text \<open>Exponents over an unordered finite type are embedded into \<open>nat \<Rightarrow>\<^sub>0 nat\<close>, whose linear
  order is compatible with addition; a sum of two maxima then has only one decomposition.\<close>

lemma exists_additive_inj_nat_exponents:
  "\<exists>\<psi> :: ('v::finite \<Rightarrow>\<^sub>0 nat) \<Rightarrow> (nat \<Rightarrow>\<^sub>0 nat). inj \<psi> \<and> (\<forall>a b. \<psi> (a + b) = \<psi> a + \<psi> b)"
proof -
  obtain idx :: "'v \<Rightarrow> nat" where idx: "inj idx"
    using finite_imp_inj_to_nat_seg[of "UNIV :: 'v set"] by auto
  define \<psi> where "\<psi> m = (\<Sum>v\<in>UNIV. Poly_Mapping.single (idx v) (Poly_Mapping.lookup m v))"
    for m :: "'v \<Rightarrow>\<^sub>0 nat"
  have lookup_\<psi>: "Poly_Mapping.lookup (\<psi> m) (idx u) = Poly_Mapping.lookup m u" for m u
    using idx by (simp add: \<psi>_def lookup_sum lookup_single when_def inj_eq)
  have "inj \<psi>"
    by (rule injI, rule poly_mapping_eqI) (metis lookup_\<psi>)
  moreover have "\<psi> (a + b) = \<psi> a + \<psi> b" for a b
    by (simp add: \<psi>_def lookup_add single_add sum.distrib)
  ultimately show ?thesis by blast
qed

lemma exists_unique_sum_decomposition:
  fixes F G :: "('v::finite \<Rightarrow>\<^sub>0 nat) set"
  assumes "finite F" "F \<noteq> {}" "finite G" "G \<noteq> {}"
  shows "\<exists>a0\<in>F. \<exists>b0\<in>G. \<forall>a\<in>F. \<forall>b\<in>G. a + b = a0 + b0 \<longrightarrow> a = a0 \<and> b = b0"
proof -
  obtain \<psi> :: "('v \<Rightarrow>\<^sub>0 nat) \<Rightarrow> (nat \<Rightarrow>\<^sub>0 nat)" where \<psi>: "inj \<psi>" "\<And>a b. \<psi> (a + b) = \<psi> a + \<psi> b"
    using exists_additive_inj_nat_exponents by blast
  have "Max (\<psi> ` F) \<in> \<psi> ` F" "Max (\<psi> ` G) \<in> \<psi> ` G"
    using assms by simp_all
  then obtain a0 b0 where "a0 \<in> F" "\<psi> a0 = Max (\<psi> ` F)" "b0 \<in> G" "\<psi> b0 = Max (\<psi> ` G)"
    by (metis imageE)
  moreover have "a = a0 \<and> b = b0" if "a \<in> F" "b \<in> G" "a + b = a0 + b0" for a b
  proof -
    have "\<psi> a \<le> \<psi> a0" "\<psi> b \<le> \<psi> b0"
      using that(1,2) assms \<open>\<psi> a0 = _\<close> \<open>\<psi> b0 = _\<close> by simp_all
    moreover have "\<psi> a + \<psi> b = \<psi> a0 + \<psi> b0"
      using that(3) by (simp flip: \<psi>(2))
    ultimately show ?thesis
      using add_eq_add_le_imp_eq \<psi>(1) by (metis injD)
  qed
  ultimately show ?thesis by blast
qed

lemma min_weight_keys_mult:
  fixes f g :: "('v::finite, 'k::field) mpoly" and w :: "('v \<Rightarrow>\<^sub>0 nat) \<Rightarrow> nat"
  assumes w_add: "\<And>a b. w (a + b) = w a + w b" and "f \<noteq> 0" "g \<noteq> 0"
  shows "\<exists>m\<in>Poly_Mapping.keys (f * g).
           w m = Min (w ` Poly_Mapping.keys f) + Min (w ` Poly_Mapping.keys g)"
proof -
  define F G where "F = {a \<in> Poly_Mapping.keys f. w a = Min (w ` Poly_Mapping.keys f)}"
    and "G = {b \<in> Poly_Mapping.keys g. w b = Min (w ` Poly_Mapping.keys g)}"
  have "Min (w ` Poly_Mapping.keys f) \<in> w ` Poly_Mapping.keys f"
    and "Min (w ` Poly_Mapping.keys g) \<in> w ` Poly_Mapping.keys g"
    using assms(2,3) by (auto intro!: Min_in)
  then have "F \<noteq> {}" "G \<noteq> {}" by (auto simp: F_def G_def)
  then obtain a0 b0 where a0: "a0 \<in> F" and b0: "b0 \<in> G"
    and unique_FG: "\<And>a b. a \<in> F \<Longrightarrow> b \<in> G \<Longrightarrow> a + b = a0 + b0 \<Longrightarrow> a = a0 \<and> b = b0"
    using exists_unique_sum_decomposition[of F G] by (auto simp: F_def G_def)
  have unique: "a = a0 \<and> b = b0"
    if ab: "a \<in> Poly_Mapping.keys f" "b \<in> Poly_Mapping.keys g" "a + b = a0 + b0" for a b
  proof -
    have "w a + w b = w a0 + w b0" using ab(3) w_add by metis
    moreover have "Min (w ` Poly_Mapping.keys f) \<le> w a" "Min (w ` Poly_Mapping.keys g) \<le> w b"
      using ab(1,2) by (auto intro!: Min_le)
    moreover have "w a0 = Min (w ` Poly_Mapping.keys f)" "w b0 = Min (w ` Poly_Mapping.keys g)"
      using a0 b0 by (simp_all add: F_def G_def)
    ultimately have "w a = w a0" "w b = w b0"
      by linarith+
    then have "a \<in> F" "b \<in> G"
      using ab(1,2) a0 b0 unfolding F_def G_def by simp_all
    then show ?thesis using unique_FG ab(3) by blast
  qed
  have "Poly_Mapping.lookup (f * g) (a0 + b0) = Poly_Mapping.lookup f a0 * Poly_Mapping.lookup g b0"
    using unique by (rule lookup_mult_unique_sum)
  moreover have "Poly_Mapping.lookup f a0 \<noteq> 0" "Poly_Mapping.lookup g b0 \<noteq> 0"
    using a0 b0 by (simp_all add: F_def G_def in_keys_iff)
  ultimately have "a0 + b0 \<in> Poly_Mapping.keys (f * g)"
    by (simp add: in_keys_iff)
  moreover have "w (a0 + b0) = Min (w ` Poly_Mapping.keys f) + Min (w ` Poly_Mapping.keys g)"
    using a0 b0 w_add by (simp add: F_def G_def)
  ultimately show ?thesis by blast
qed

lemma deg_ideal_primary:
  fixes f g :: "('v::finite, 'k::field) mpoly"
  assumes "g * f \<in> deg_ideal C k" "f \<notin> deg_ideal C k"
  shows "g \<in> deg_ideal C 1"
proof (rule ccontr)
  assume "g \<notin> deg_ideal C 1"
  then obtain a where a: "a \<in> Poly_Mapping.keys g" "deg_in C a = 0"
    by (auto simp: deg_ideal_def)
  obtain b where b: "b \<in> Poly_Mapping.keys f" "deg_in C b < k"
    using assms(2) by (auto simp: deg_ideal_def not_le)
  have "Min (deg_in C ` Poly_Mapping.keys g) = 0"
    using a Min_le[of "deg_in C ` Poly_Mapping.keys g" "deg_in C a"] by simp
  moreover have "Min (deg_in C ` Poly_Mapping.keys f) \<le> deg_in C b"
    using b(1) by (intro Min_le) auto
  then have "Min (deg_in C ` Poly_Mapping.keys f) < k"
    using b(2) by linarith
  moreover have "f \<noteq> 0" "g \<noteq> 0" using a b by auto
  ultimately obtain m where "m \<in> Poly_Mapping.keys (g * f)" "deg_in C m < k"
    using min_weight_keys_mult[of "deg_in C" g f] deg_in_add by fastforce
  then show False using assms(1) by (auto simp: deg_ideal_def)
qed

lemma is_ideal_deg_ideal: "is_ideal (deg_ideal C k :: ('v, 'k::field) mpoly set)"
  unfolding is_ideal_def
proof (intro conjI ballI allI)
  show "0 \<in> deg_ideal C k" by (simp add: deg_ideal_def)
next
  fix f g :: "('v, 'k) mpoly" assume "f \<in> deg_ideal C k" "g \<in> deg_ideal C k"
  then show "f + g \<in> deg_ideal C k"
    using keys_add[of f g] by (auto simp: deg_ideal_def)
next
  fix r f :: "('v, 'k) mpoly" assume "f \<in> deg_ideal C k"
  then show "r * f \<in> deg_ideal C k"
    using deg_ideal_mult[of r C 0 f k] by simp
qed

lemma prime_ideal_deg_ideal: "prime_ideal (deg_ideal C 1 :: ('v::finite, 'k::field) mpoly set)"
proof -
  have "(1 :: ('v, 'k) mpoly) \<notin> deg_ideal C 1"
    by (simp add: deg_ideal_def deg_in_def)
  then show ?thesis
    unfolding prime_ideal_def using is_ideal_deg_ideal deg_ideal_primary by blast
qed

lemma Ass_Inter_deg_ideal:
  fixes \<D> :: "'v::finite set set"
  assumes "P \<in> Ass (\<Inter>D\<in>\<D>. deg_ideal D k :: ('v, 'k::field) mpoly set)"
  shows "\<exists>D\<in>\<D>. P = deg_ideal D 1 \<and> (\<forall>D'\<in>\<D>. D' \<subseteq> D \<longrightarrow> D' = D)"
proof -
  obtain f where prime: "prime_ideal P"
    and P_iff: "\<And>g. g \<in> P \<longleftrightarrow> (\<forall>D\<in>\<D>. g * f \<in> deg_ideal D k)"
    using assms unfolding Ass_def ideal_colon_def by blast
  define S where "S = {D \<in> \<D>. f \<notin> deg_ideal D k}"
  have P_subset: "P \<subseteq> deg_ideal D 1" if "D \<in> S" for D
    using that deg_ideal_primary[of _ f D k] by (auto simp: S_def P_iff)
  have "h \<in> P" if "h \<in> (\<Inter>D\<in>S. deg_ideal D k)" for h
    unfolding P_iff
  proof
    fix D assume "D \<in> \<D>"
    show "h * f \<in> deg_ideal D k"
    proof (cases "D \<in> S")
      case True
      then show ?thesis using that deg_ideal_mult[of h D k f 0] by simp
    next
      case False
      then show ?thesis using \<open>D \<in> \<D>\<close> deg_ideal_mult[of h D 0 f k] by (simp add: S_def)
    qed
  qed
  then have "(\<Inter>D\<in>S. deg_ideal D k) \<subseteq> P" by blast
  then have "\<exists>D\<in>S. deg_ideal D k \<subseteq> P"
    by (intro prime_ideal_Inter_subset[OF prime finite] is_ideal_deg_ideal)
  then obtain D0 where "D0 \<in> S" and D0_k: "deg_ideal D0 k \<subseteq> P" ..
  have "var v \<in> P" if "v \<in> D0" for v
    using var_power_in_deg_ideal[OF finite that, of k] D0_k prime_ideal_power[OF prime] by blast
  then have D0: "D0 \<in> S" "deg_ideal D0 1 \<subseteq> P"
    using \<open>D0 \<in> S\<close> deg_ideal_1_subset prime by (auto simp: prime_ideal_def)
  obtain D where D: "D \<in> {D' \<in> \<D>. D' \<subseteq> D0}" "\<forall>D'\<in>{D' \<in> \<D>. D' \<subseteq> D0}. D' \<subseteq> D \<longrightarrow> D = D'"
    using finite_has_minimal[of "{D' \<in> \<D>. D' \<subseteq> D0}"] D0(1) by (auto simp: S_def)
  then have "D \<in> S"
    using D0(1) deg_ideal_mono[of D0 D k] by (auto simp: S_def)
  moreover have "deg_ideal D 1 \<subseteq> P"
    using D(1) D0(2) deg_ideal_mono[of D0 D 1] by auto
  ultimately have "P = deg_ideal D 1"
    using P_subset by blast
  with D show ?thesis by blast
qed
---
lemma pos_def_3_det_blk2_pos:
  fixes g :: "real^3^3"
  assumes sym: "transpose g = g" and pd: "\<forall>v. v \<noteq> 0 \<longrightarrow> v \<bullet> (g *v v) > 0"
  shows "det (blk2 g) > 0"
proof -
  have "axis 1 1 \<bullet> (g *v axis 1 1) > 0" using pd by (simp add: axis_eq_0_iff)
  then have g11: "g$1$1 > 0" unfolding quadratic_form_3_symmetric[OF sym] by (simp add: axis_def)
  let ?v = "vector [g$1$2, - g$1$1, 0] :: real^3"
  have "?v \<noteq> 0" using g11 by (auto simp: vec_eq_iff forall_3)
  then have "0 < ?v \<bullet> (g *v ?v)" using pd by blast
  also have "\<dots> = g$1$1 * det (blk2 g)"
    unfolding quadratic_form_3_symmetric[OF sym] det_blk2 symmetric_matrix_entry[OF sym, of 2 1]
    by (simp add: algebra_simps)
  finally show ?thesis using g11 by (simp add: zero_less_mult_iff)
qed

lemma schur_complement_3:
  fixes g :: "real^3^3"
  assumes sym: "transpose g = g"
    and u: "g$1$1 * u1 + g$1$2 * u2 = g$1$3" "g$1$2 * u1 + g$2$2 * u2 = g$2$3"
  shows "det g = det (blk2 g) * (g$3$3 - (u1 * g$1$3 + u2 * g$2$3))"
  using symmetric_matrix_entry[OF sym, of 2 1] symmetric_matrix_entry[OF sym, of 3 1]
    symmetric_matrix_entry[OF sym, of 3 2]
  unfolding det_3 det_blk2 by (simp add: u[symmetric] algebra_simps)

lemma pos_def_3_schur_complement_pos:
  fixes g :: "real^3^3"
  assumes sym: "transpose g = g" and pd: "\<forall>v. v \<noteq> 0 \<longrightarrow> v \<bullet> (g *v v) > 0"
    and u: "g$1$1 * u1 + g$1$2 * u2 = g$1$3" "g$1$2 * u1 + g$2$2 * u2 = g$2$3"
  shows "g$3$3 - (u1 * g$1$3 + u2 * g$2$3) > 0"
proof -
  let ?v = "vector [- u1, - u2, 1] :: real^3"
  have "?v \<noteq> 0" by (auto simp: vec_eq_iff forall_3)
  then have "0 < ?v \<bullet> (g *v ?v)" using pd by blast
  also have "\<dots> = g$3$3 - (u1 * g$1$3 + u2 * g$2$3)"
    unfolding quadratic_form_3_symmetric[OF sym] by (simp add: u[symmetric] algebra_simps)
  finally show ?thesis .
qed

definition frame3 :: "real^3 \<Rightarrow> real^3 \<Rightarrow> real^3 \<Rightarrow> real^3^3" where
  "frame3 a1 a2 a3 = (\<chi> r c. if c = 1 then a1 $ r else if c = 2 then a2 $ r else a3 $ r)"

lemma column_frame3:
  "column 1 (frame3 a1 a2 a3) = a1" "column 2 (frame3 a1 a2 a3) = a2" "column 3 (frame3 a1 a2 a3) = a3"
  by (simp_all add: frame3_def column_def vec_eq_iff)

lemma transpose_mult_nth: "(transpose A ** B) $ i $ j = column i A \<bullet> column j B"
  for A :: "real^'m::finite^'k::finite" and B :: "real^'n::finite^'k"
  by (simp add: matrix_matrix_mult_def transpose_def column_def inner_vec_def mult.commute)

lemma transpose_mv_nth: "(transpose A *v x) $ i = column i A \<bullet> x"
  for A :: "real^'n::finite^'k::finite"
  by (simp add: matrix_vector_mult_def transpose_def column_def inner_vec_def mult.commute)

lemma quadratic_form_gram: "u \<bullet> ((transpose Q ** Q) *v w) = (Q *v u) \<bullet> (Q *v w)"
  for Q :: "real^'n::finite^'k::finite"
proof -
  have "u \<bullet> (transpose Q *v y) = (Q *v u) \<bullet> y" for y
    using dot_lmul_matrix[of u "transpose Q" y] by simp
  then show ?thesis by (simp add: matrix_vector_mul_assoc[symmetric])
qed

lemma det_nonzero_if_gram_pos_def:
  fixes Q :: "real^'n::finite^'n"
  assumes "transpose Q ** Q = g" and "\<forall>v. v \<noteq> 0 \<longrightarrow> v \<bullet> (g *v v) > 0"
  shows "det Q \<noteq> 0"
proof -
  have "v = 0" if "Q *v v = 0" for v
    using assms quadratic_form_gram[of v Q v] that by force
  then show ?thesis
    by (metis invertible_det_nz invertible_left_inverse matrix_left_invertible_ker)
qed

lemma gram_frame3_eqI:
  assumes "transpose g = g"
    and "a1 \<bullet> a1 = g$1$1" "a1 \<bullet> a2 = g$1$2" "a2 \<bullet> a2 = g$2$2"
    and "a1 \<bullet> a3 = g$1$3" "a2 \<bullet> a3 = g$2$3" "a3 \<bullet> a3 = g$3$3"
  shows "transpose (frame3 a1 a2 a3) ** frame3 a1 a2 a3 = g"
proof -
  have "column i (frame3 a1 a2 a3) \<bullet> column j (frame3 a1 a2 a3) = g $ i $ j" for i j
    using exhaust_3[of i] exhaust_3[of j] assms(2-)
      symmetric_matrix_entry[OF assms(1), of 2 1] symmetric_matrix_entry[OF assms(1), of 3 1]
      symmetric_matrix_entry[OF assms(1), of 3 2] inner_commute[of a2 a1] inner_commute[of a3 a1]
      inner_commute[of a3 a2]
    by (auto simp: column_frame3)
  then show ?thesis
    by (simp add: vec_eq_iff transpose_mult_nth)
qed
...
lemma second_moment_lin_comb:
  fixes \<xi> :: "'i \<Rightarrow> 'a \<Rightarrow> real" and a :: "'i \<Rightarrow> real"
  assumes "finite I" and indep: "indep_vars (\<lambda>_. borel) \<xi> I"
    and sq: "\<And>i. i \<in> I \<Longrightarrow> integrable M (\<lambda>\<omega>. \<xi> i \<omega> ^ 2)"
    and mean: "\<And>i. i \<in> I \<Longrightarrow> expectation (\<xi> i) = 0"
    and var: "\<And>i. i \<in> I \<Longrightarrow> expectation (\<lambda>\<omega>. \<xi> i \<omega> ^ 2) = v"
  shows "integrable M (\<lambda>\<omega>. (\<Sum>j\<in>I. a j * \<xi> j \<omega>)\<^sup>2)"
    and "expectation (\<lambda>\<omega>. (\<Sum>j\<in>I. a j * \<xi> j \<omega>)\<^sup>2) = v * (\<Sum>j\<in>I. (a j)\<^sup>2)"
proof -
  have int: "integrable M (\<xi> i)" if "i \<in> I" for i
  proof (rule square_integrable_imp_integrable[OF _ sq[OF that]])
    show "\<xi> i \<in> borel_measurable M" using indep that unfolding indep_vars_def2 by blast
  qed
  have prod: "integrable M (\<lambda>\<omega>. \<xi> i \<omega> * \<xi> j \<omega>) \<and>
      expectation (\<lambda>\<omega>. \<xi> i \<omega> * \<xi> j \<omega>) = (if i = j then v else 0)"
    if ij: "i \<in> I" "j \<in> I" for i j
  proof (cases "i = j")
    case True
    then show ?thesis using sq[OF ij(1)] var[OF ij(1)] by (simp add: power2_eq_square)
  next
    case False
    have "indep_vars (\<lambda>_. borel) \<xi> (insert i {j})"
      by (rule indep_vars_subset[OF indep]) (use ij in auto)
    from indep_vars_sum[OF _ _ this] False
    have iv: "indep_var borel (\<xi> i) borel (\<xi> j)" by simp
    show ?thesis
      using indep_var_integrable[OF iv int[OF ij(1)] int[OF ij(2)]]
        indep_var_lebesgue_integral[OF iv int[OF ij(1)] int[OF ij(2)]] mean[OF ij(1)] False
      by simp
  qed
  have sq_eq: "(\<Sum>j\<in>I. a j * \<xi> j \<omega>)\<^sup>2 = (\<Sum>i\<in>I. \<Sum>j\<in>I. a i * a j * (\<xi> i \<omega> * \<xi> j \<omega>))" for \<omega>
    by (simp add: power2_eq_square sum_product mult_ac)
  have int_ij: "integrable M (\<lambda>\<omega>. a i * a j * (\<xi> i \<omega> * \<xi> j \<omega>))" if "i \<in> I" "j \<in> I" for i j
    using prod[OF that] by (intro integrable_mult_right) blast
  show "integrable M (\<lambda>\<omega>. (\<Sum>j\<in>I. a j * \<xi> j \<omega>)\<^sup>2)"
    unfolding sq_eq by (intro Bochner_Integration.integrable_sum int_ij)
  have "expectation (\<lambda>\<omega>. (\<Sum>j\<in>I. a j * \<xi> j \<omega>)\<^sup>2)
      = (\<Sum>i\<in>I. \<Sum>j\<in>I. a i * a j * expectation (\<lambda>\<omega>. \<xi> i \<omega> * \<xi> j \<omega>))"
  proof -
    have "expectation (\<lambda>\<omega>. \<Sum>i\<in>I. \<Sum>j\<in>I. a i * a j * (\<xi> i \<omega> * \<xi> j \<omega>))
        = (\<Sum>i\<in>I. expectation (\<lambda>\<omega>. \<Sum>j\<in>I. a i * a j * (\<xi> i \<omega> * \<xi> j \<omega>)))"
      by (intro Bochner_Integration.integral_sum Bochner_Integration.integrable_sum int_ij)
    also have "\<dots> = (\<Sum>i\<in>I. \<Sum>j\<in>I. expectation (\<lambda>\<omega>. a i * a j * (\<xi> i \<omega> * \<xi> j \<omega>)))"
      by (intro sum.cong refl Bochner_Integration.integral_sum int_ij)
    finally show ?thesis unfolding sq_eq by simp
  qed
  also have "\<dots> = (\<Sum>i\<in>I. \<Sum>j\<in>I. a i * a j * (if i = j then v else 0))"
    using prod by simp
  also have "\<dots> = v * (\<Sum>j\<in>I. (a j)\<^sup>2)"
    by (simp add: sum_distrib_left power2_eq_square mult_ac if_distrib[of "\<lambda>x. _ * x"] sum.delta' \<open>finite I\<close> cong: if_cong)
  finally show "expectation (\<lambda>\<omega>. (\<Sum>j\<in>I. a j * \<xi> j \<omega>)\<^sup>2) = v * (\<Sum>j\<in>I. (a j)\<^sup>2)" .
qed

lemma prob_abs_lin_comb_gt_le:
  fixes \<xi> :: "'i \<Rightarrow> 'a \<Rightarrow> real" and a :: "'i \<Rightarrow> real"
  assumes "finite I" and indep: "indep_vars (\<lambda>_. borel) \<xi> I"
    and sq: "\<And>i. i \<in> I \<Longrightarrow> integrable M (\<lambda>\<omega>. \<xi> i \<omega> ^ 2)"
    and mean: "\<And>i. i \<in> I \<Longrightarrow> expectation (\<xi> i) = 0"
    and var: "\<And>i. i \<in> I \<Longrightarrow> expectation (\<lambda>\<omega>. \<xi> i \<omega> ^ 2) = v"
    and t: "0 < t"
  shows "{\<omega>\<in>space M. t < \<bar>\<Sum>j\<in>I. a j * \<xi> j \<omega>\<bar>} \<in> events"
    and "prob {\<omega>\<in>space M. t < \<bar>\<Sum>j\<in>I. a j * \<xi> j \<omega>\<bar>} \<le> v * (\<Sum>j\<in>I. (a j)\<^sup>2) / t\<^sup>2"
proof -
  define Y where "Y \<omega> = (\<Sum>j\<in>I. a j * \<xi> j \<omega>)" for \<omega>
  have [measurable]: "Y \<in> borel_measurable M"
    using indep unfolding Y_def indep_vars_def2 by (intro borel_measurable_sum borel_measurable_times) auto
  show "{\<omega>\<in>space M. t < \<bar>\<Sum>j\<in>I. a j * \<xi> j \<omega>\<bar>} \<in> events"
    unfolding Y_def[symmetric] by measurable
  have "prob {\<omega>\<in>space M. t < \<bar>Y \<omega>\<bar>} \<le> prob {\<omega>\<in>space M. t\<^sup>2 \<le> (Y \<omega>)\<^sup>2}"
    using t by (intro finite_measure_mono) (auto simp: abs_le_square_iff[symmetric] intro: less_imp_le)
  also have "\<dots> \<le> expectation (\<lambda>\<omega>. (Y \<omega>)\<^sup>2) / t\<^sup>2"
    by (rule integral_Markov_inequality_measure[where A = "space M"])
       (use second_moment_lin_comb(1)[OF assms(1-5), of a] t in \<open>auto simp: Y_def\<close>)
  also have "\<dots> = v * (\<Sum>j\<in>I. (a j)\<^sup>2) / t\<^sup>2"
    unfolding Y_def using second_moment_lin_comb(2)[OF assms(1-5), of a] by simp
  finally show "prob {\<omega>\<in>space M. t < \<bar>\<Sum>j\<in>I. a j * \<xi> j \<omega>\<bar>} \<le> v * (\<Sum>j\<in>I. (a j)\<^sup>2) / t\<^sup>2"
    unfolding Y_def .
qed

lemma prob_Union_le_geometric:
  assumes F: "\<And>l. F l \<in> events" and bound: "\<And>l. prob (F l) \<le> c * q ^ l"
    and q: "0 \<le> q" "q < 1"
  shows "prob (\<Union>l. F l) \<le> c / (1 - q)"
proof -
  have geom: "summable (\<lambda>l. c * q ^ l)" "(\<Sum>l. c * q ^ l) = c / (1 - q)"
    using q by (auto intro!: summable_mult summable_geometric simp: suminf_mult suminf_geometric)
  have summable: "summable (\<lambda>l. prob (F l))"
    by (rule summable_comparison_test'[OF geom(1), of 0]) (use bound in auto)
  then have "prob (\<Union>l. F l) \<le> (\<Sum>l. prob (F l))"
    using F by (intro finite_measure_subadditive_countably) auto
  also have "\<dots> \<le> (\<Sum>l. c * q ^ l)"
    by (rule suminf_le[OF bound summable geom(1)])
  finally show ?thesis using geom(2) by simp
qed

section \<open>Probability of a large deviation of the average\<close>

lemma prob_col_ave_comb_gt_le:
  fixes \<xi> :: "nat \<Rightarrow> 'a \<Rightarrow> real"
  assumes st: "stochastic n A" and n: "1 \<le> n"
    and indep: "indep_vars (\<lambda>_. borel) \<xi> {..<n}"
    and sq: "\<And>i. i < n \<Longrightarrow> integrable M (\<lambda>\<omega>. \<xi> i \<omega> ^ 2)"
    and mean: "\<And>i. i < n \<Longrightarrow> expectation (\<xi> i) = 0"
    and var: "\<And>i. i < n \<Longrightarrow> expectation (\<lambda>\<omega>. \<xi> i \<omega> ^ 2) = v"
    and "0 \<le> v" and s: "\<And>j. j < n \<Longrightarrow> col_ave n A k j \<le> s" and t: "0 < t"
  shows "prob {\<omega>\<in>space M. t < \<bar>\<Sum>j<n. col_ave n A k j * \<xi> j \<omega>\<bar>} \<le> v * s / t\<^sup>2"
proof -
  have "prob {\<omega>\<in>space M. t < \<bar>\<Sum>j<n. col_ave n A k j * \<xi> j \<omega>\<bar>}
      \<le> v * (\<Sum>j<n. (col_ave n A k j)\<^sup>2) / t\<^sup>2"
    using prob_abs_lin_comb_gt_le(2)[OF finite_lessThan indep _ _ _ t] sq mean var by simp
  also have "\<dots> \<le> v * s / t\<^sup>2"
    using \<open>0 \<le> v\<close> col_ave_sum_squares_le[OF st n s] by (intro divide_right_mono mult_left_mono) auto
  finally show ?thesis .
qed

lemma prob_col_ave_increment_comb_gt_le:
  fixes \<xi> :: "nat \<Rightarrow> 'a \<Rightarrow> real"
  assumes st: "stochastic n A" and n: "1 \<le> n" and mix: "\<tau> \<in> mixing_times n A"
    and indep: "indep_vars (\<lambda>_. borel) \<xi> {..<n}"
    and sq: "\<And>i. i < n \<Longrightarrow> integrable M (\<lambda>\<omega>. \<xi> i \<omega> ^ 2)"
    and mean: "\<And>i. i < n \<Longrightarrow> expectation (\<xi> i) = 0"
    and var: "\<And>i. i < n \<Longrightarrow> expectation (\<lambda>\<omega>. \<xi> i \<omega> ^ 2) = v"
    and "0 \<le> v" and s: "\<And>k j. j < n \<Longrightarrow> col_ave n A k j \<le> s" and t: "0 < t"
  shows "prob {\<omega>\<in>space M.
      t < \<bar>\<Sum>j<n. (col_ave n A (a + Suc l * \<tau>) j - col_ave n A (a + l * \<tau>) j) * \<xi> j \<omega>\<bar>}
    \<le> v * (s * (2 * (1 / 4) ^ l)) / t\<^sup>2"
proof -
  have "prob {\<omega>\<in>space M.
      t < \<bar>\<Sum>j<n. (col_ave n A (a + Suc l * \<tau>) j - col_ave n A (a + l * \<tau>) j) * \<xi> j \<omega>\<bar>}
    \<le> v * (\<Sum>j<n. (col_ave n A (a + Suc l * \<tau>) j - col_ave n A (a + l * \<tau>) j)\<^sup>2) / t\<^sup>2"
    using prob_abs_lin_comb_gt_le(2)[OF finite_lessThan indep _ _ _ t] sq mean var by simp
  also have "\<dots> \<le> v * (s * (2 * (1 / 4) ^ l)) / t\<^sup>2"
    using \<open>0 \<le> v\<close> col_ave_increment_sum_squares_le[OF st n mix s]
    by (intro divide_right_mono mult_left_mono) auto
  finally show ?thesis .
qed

__Description of the task__:
In the entries above, the lines from the one bearing "D k) \<subseteq>" up to and including the one bearing "using \<open>D0 \<in>" should be transcribed exactly; no other line is wanted.

__Exercise result__:
  then have "(\<Inter>D\<in>S. deg_ideal D k) \<subseteq> P" by blast
  then have "\<exists>D\<in>S. deg_ideal D k \<subseteq> P"
    by (intro prime_ideal_Inter_subset[OF prime finite] is_ideal_deg_ideal)
  then obtain D0 where "D0 \<in> S" and D0_k: "deg_ideal D0 k \<subseteq> P" ..
  have "var v \<in> P" if "v \<in> D0" for v
    using var_power_in_deg_ideal[OF finite that, of k] D0_k prime_ideal_power[OF prime] by blast
  then have D0: "D0 \<in> S" "deg_ideal D0 1 \<subseteq> P"
    using \<open>D0 \<in> S\<close> deg_ideal_1_subset prime by (auto simp: prime_ideal_def)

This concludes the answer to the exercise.